== ACTIVITY ==
Count how many lines below include the string "simp". Only that number should appear in the reply.

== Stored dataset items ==
^^^^
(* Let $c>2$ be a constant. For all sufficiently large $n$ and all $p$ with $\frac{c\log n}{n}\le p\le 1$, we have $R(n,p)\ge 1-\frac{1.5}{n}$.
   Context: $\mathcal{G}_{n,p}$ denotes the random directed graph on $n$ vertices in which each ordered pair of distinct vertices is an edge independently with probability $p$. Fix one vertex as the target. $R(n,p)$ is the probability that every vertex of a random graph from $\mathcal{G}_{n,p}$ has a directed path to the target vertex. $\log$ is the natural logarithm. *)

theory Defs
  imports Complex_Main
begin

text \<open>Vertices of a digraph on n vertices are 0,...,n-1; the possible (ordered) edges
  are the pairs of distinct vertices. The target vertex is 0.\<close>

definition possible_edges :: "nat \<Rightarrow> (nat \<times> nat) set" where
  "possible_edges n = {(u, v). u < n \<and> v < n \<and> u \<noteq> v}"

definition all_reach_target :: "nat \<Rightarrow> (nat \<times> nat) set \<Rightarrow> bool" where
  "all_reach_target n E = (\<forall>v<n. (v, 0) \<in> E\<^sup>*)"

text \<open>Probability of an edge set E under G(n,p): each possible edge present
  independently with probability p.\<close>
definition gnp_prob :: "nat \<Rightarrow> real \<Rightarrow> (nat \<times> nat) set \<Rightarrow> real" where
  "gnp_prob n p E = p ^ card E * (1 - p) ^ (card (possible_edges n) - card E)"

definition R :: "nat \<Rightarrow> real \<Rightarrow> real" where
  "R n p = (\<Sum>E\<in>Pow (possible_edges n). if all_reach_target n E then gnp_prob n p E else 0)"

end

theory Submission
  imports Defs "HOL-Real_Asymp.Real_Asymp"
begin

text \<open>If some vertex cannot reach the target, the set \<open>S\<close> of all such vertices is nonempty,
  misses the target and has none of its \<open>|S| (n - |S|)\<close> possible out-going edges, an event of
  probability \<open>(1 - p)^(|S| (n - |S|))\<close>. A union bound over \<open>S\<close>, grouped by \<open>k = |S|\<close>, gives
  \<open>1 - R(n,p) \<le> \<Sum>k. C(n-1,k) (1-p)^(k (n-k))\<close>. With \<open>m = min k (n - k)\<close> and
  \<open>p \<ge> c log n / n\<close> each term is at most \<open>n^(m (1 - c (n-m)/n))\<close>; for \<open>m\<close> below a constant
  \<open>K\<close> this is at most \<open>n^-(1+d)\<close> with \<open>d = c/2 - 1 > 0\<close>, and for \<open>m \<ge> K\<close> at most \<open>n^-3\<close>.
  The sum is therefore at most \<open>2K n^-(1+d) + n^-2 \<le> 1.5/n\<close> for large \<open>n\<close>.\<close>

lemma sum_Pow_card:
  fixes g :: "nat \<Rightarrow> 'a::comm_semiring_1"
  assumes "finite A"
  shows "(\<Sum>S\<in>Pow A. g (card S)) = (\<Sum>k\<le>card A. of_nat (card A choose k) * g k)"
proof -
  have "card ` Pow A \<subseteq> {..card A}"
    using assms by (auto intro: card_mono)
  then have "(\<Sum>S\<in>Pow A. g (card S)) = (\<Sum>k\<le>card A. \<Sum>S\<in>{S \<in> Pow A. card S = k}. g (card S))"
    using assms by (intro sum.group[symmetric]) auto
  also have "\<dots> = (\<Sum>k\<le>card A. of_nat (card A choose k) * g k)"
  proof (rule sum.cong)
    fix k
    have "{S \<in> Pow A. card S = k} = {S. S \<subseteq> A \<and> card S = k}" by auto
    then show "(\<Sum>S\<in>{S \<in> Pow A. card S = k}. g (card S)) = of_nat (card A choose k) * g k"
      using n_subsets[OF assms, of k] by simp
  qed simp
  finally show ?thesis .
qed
^^^^
== TASK OUTPUT ==
2